Bob Luton, Greg Kinch, and John Gerace
BioImage 777 E. Eisenhower Parkway, Suite #950, Ann Arbor, MI 48108. Tel. 800-246-4624, E-mail; bob_luton@bioimage.com.
Recent advances in laboratory robotics have enabled a large number of cloned vectors from genomic or cDNA libraries to be spotted in a high density grid format on membranes suitable for detection by a specific labeled hybridization probe. Fox example more than 20,000 BAC clones representing part of the total human genome are typically spotted on to a 22x22 cm membrane. This high density of spots makes the identification of positives very tedious if not impossible for the un-aided human eye.

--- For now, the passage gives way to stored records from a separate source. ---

(* There is an absolute constant $K$ such that the following holds. Let $X$ be a real symmetric matrix with $\rho(X)<1$, let $p\in[-1,1]$ and $\epsilon>0$. Then there exists a real polynomial $T$ of degree $t\le K\max(1,\log(1/\epsilon))$ such that $$(I-X)^p\approx_\epsilon T\!\left(I+\tfrac12X\right)\left(I-\tfrac12X-\tfrac12X^2\right)^{p}T\!\left(I+\tfrac12X\right).$$
   Context: $\rho(X)$ is the spectral radius. For symmetric $A,B$, $A\approx_\epsilon B$ means $e^{\epsilon}A\succeq B\succeq e^{-\epsilon}A$ in the Loewner order. For symmetric positive definite $M=\sum_i\lambda_iu_iu_i^\top$, $M^p=\sum_i\lambda_i^pu_iu_i^\top$. A polynomial applied to a symmetric matrix is evaluated in the usual way. *)

theory Defs
  imports "Jordan_Normal_Form.Spectral_Radius"
begin

definition poly_mat :: "real poly \<Rightarrow> real mat \<Rightarrow> real mat" where
  "poly_mat T M = (let n = dim_row M in
     foldr (\<lambda>c A. c \<cdot>\<^sub>m 1\<^sub>m n + M * A) (coeffs T) (0\<^sub>m n n))"

definition mat_powr :: "real mat \<Rightarrow> real \<Rightarrow> real mat" where
  "mat_powr M p = (let n = dim_row M in
     (SOME R. \<exists>U lam. U \<in> carrier_mat n n \<and> transpose_mat U * U = 1\<^sub>m n \<and>
        M = U * mat_diag n lam * transpose_mat U \<and>
        R = U * mat_diag n (\<lambda>i. lam i powr p) * transpose_mat U))"

definition loewner_ge :: "real mat \<Rightarrow> real mat \<Rightarrow> bool" where
  "loewner_ge A B = (\<forall>v \<in> carrier_vec (dim_row A). v \<bullet> ((A - B) *\<^sub>v v) \<ge> 0)"

definition loewner_approx :: "real \<Rightarrow> real mat \<Rightarrow> real mat \<Rightarrow> bool" where
  "loewner_approx eps A B = (loewner_ge (exp eps \<cdot>\<^sub>m A) B \<and> loewner_ge B (exp (- eps) \<cdot>\<^sub>m A))"

end

theory Submission
  imports Defs "Jordan_Normal_Form.Schur_Decomposition" "HOL-Analysis.Generalised_Binomial_Theorem"
begin

text \<open>Diagonalize \<open>X = U diag(\<lambda>) U\<^sup>T\<close> with \<open>U\<close> orthogonal; the spectral radius bound gives
  \<open>|\<lambda>\<^sub>i| < 1\<close>. Every matrix in the statement is a function of \<open>X\<close>, so the claim reduces to the scalar
  inequalities \<open>e\<^sup>-\<^sup>\<epsilon> (1 - \<lambda>)\<^sup>p \<le> T(y)\<^sup>2 (1 - \<lambda>/2 - \<lambda>\<^sup>2/2)\<^sup>p \<le> e\<^sup>\<epsilon> (1 - \<lambda>)\<^sup>p\<close> with
  \<open>y = 1 + \<lambda>/2 \<in> (1/2, 3/2)\<close>. As \<open>1 - \<lambda>/2 - \<lambda>\<^sup>2/2 = (1 - \<lambda>) y\<close>, it suffices that
  \<open>T(y)\<^sup>2 y\<^sup>p \<approx> 1\<close>, i.e. \<open>T \<approx> y\<^sup>-\<^sup>p\<^sup>/\<^sup>2\<close>. Take for \<open>T\<close> the binomial series of
  \<open>(1 + (y - 1))\<^sup>-\<^sup>p\<^sup>/\<^sup>2\<close> truncated after \<open>N = O(log(1/\<epsilon>))\<close> terms: the binomial coefficients
  are bounded by 1 and \<open>|y - 1| \<le> 1/2\<close>, so the tail is at most \<open>2 \<cdot> 2\<^sup>-\<^sup>N\<close>.\<close>

definition orthonormal_mat :: "nat \<Rightarrow> real mat \<Rightarrow> bool" where
  "orthonormal_mat n U \<longleftrightarrow> U \<in> carrier_mat n n \<and> transpose_mat U * U = 1\<^sub>m n"

lemma orthonormal_matD:
  assumes "orthonormal_mat n U"
  shows orthonormal_mat_carrier: "U \<in> carrier_mat n n"
    and orthonormal_mat_transpose_carrier: "transpose_mat U \<in> carrier_mat n n"
    and orthonormal_mat_left_inverse: "transpose_mat U * U = 1\<^sub>m n"
    and orthonormal_mat_right_inverse: "U * transpose_mat U = 1\<^sub>m n"
  using assms mat_mult_left_right_inverse[of "transpose_mat U" n U]
  unfolding orthonormal_mat_def by auto

lemma orthonormal_mat_col_inner:
  assumes "orthonormal_mat n U" "i < n" "j < n"
  shows "col U i \<bullet> col U j = (if i = j then 1 else 0)"
proof -
  have "col U i \<bullet> col U j = (transpose_mat U * U) $$ (i, j)"
    using orthonormal_mat_carrier[OF assms(1)] assms(2,3) by simp
  then show ?thesis using assms by (simp add: orthonormal_mat_left_inverse)
qed

lemma orthonormal_mat_col_nonzero:
  assumes "orthonormal_mat n U" "i < n"
  shows "col U i \<noteq> 0\<^sub>v n"
  using orthonormal_mat_col_inner[OF assms assms(2)] by auto

lemma orthonormal_mat_mult:
  assumes U: "orthonormal_mat n U" and V: "orthonormal_mat n V"
  shows "orthonormal_mat n (U * V)"
proof -
  note carr = orthonormal_matD[OF U] orthonormal_matD[OF V]
  have "transpose_mat (U * V) * (U * V) = transpose_mat V * (transpose_mat U * (U * V))"
    using carr by (simp add: transpose_mult assoc_mult_mat[of _ n n _ n _ n])
  also have "transpose_mat U * (U * V) = (transpose_mat U * U) * V"
    using carr by (metis assoc_mult_mat)
  also have "transpose_mat V * (\<dots>) = 1\<^sub>m n" using carr by simp
  finally show ?thesis using carr unfolding orthonormal_mat_def by auto
qed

BioImage has developed its High Density Grid (HDG) Analysis Software using a constellation mapping algorithm that enables the use of only three anchor points on a reference image containing all possible positives and overlaying them with multiple study images. Unlike rigid grid methodologies, this method of pattern matching compensates for any distortion or skewing that may occur within a sample array. Each positive is identified with a name that designates a specific point of origin, i.e. source plate and well. Spot name information is automatically propagated to all matched images. The software also provides further characterization by spot quantification. Spot database queries can filter information based on the existence of spots, quantitative ratios of matched spots, spotsū integrated intensity, area, and user-defined spot characteristics.
The BioImage HDG Analysis Software supports direct image acquisition from either a digital scanner or CCD camera. TIFF format image files can also be imported from various sources such as Phosphorimagers, Fluorimagers, or densitometers.
The software will be demonstrated during the designated sessions.